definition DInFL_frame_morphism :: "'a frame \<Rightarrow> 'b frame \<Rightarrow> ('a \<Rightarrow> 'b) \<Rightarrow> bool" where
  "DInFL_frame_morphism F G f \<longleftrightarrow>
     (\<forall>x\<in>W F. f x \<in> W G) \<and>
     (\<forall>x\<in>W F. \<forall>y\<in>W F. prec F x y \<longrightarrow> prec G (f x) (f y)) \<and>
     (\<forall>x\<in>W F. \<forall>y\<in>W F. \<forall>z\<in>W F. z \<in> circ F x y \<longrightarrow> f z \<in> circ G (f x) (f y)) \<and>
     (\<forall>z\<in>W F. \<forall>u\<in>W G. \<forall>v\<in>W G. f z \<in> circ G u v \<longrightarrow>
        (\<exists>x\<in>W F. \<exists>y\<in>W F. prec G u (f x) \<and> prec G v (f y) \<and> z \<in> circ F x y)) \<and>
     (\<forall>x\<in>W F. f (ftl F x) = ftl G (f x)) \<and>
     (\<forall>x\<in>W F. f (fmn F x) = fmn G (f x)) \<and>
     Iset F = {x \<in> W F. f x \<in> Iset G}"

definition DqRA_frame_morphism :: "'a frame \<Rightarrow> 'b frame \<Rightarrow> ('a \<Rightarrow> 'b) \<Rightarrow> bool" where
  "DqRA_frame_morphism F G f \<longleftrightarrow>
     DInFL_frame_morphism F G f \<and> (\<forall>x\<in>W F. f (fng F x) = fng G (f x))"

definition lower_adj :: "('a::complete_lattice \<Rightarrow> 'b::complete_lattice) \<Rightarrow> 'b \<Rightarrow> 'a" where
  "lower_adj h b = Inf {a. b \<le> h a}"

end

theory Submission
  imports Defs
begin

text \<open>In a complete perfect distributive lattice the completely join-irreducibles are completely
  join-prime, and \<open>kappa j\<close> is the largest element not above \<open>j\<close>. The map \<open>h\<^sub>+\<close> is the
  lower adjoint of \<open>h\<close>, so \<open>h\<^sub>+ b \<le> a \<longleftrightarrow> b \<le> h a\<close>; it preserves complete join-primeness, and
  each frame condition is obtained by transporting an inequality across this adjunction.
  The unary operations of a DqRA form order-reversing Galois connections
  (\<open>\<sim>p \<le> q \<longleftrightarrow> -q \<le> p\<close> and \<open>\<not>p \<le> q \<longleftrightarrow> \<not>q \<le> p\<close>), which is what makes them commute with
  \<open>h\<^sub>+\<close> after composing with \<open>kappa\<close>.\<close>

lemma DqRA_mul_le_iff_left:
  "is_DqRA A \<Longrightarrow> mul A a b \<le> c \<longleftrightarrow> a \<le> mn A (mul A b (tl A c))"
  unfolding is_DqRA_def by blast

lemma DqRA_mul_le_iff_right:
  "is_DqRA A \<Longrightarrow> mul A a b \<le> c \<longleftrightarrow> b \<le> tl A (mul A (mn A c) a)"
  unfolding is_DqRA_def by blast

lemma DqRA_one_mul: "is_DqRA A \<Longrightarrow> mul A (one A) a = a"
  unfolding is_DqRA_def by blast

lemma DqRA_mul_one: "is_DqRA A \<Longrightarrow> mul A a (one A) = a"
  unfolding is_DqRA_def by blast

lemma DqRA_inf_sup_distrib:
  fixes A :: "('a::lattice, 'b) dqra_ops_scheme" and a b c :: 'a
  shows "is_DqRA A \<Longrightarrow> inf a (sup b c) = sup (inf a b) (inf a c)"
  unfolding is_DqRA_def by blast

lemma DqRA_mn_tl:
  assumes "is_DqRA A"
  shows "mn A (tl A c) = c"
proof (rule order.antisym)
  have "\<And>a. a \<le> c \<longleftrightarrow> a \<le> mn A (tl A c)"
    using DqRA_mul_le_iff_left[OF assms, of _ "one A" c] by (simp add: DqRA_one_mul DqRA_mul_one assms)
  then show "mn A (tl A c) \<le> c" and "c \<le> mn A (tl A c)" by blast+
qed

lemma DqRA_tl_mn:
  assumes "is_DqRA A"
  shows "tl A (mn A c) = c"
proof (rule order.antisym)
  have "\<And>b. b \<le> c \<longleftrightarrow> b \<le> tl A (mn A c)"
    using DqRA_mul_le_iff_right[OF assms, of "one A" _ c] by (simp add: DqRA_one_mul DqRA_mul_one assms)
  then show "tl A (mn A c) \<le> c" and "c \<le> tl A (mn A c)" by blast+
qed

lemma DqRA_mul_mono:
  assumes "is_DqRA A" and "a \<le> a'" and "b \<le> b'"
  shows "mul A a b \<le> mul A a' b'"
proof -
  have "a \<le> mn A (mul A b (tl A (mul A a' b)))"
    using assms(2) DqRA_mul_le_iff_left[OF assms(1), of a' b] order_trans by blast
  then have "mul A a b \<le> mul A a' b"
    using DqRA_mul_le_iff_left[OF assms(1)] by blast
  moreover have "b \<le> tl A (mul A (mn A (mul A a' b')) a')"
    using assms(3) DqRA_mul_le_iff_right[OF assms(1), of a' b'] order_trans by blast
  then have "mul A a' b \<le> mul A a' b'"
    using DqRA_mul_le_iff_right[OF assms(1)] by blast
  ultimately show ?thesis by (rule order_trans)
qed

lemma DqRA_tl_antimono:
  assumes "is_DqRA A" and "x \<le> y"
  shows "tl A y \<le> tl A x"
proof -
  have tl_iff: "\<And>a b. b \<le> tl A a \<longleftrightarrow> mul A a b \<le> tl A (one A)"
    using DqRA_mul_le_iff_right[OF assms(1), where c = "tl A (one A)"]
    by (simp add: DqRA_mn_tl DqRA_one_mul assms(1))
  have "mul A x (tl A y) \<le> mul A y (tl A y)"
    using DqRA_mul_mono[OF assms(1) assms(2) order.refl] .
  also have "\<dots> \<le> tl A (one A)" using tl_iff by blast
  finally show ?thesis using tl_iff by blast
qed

================

• **Exercise objective**
Quote the listing in full, please, keeping every line exact.

• **Expected answer**
definition DInFL_frame_morphism :: "'a frame \<Rightarrow> 'b frame \<Rightarrow> ('a \<Rightarrow> 'b) \<Rightarrow> bool" where
  "DInFL_frame_morphism F G f \<longleftrightarrow>
     (\<forall>x\<in>W F. f x \<in> W G) \<and>
     (\<forall>x\<in>W F. \<forall>y\<in>W F. prec F x y \<longrightarrow> prec G (f x) (f y)) \<and>
     (\<forall>x\<in>W F. \<forall>y\<in>W F. \<forall>z\<in>W F. z \<in> circ F x y \<longrightarrow> f z \<in> circ G (f x) (f y)) \<and>
     (\<forall>z\<in>W F. \<forall>u\<in>W G. \<forall>v\<in>W G. f z \<in> circ G u v \<longrightarrow>
        (\<exists>x\<in>W F. \<exists>y\<in>W F. prec G u (f x) \<and> prec G v (f y) \<and> z \<in> circ F x y)) \<and>
     (\<forall>x\<in>W F. f (ftl F x) = ftl G (f x)) \<and>
     (\<forall>x\<in>W F. f (fmn F x) = fmn G (f x)) \<and>
     Iset F = {x \<in> W F. f x \<in> Iset G}"

definition DqRA_frame_morphism :: "'a frame \<Rightarrow> 'b frame \<Rightarrow> ('a \<Rightarrow> 'b) \<Rightarrow> bool" where
  "DqRA_frame_morphism F G f \<longleftrightarrow>
     DInFL_frame_morphism F G f \<and> (\<forall>x\<in>W F. f (fng F x) = fng G (f x))"

definition lower_adj :: "('a::complete_lattice \<Rightarrow> 'b::complete_lattice) \<Rightarrow> 'b \<Rightarrow> 'a" where
  "lower_adj h b = Inf {a. b \<le> h a}"

end

theory Submission
  imports Defs
begin

text \<open>In a complete perfect distributive lattice the completely join-irreducibles are completely
  join-prime, and \<open>kappa j\<close> is the largest element not above \<open>j\<close>. The map \<open>h\<^sub>+\<close> is the
  lower adjoint of \<open>h\<close>, so \<open>h\<^sub>+ b \<le> a \<longleftrightarrow> b \<le> h a\<close>; it preserves complete join-primeness, and
  each frame condition is obtained by transporting an inequality across this adjunction.
  The unary operations of a DqRA form order-reversing Galois connections
  (\<open>\<sim>p \<le> q \<longleftrightarrow> -q \<le> p\<close> and \<open>\<not>p \<le> q \<longleftrightarrow> \<not>q \<le> p\<close>), which is what makes them commute with
  \<open>h\<^sub>+\<close> after composing with \<open>kappa\<close>.\<close>

lemma DqRA_mul_le_iff_left:
  "is_DqRA A \<Longrightarrow> mul A a b \<le> c \<longleftrightarrow> a \<le> mn A (mul A b (tl A c))"
  unfolding is_DqRA_def by blast

lemma DqRA_mul_le_iff_right:
  "is_DqRA A \<Longrightarrow> mul A a b \<le> c \<longleftrightarrow> b \<le> tl A (mul A (mn A c) a)"
  unfolding is_DqRA_def by blast

lemma DqRA_one_mul: "is_DqRA A \<Longrightarrow> mul A (one A) a = a"
  unfolding is_DqRA_def by blast

lemma DqRA_mul_one: "is_DqRA A \<Longrightarrow> mul A a (one A) = a"
  unfolding is_DqRA_def by blast

lemma DqRA_inf_sup_distrib:
  fixes A :: "('a::lattice, 'b) dqra_ops_scheme" and a b c :: 'a
  shows "is_DqRA A \<Longrightarrow> inf a (sup b c) = sup (inf a b) (inf a c)"
  unfolding is_DqRA_def by blast

lemma DqRA_mn_tl:
  assumes "is_DqRA A"
  shows "mn A (tl A c) = c"
proof (rule order.antisym)
  have "\<And>a. a \<le> c \<longleftrightarrow> a \<le> mn A (tl A c)"
    using DqRA_mul_le_iff_left[OF assms, of _ "one A" c] by (simp add: DqRA_one_mul DqRA_mul_one assms)
  then show "mn A (tl A c) \<le> c" and "c \<le> mn A (tl A c)" by blast+
qed

lemma DqRA_tl_mn:
  assumes "is_DqRA A"
  shows "tl A (mn A c) = c"
proof (rule order.antisym)
  have "\<And>b. b \<le> c \<longleftrightarrow> b \<le> tl A (mn A c)"
    using DqRA_mul_le_iff_right[OF assms, of "one A" _ c] by (simp add: DqRA_one_mul DqRA_mul_one assms)
  then show "tl A (mn A c) \<le> c" and "c \<le> tl A (mn A c)" by blast+
qed

lemma DqRA_mul_mono:
  assumes "is_DqRA A" and "a \<le> a'" and "b \<le> b'"
  shows "mul A a b \<le> mul A a' b'"
proof -
  have "a \<le> mn A (mul A b (tl A (mul A a' b)))"
    using assms(2) DqRA_mul_le_iff_left[OF assms(1), of a' b] order_trans by blast
  then have "mul A a b \<le> mul A a' b"
    using DqRA_mul_le_iff_left[OF assms(1)] by blast
  moreover have "b \<le> tl A (mul A (mn A (mul A a' b')) a')"
    using assms(3) DqRA_mul_le_iff_right[OF assms(1), of a' b'] order_trans by blast
  then have "mul A a' b \<le> mul A a' b'"
    using DqRA_mul_le_iff_right[OF assms(1)] by blast
  ultimately show ?thesis by (rule order_trans)
qed

lemma DqRA_tl_antimono:
  assumes "is_DqRA A" and "x \<le> y"
  shows "tl A y \<le> tl A x"
proof -
  have tl_iff: "\<And>a b. b \<le> tl A a \<longleftrightarrow> mul A a b \<le> tl A (one A)"
    using DqRA_mul_le_iff_right[OF assms(1), where c = "tl A (one A)"]
    by (simp add: DqRA_mn_tl DqRA_one_mul assms(1))
  have "mul A x (tl A y) \<le> mul A y (tl A y)"
    using DqRA_mul_mono[OF assms(1) assms(2) order.refl] .
  also have "\<dots> \<le> tl A (one A)" using tl_iff by blast
  finally show ?thesis using tl_iff by blast
qed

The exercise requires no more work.